Now when you go back to meeting young students at renowned universities across the globe, will there be any post-lockdown life lessons that you’d would you share?
The lockdown has taught us invaluable life lessons; one is, we have to focus on what we need and not what we want. We must have realised by now that we need very little to survive and to live our daily lives in comparison to what we want in the name of life. As the greatest poet of our life Neeraj said “Saman Jitna Kam Hoga, Safar Utna hi Aasan Hoga”. I also feel that the lockdown has allowed us to rediscover ourselves and increase our creative output.
You’ve spearheaded several social initiatives over the years and have driven real change, but rarely we get to see you accepting awards or be the centre of your own events. Why is that?
Your work should speak for itself, and I don’t believe in using my own organisation for my personal visibility. Your work should be more visible than you as an individual. As for me not accepting awards, there is much more to be done before I can accept an award. For every award I’ve been offered, I’ve always found people who are more deserving than me. Also, no achievement is accomplished individually; it is always a team effort. I strongly believe that it is your work which has to be visible, not your individuality. If your work is visible, you will get visibility on your own.You are one of the most sought-after men in Kolkata and are known for your influencial skills. Please share your secret.

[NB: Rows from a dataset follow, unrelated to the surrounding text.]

(* Let $G$ be a connected graph of order $n\geq 2$ and let $H$ be a connected graph of order $m\geq 1$. (1) If $0\leq g\leq m-1$, then $\kappa_g(G*H)=1$. (2) Let $k\geq 1$ be an integer such that $G$ has at least one $R_k$-cutset, and let $g$ be an integer with $k(m+1)<g+1\leq (k+1)(m+1)$. Then $G*H$ has an $R_g$-cutset and $$\kappa_g(G*H)=|X|(m+1),$$ where $X$ is a minimum-cardinality vertex subset of $G$ such that $G-X$ is disconnected and every connected component of $G-X$ has at least $k+1$ vertices (i.e. $|X|=\kappa_k(G)$).
   Context: All graphs are finite and simple. The corona $G*H$ is obtained by taking one copy of $G$ and $|V(G)|$ disjoint copies of $H$, and joining every vertex of the $i$-th copy of $H$ to the $i$-th vertex of $G$, for $i=1,\ldots,|V(G)|$. A set $S\subseteq V(G)$ is a cutset if $G-S$ is disconnected. For a non-negative integer $g$, a cutset $S$ is an $R_g$-cutset if every connected component of $G-S$ has at least $g+1$ vertices. If $G$ has at least one $R_g$-cutset, the $g$-extra connectivity $\kappa_g(G)$ is the minimum cardinality of an $R_g$-cutset of $G$. *)

theory Defs
  imports Main
begin

definition simple_graph :: "'a set \<Rightarrow> ('a \<times> 'a) set \<Rightarrow> bool" where
  "simple_graph V E \<longleftrightarrow> finite V \<and> E \<subseteq> V \<times> V \<and> sym E \<and> irrefl E"

definition reach_in :: "'a set \<Rightarrow> ('a \<times> 'a) set \<Rightarrow> 'a \<Rightarrow> 'a \<Rightarrow> bool" where
  "reach_in W E x y \<longleftrightarrow> (x, y) \<in> (E \<inter> (W \<times> W))\<^sup>*"

definition connected_graph :: "'a set \<Rightarrow> ('a \<times> 'a) set \<Rightarrow> bool" where
  "connected_graph V E \<longleftrightarrow> V \<noteq> {} \<and> (\<forall>x\<in>V. \<forall>y\<in>V. reach_in V E x y)"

Well, I don’t claim that! But yes, I do believe in making friends and maintaining relations. I have friends across the globe in all segments of society. To be honest, I never make enemies. Those who become enemies, do so by their own choice. My friend once told me that your presence itself in many places is a cause of worry to many and to stop thinking about it. What I can say is, in my field of work, you can love me or hate me, but you cannot ignore me.
Every few months, the news about you joining politics gets rife. Are we going to see you enter politics, finally?
No, not at all. I do have good relations with political leaders across party line as I support individuals in politics rather than the party. I want to put all rumours again to rest regarding speculations of me joining politics or any political party. I have no interest in joining politics or any political party in the future, period.You are often spotted with film personalities at page 3 parties, and have done some interesting cameos as well in movies. Any plans of venturing into the commercial film world?
As far as films are concerned, I am not at all venturing into film productions either. I have excellent friends in Tollywood. I did a cameo on my friend Arindam Sil’s film with Mithun Chakraborty years back. In fact, in his upcoming film Maya Kumari I have a cameo with Rituparna Sengupta.
What’s your next passion project?
I am working on another book on wildlife which I hope will be out by this winter.
Lastly, Pujo is around the corner, and we are still in mid of a pandemic sans a vaccine. What are your plans and any advice you have for people as the chairman of Chaltabagan Puja, the most famous celeb puja of Kolkata and also one of the most-talked about Sindoor Khela?
We are doing Durga puja this year for sure and shall adhere to all the new norms indicated by authorities. In addition to other things, we are also working on an online Durga puja show and a musical film on goddess Durga.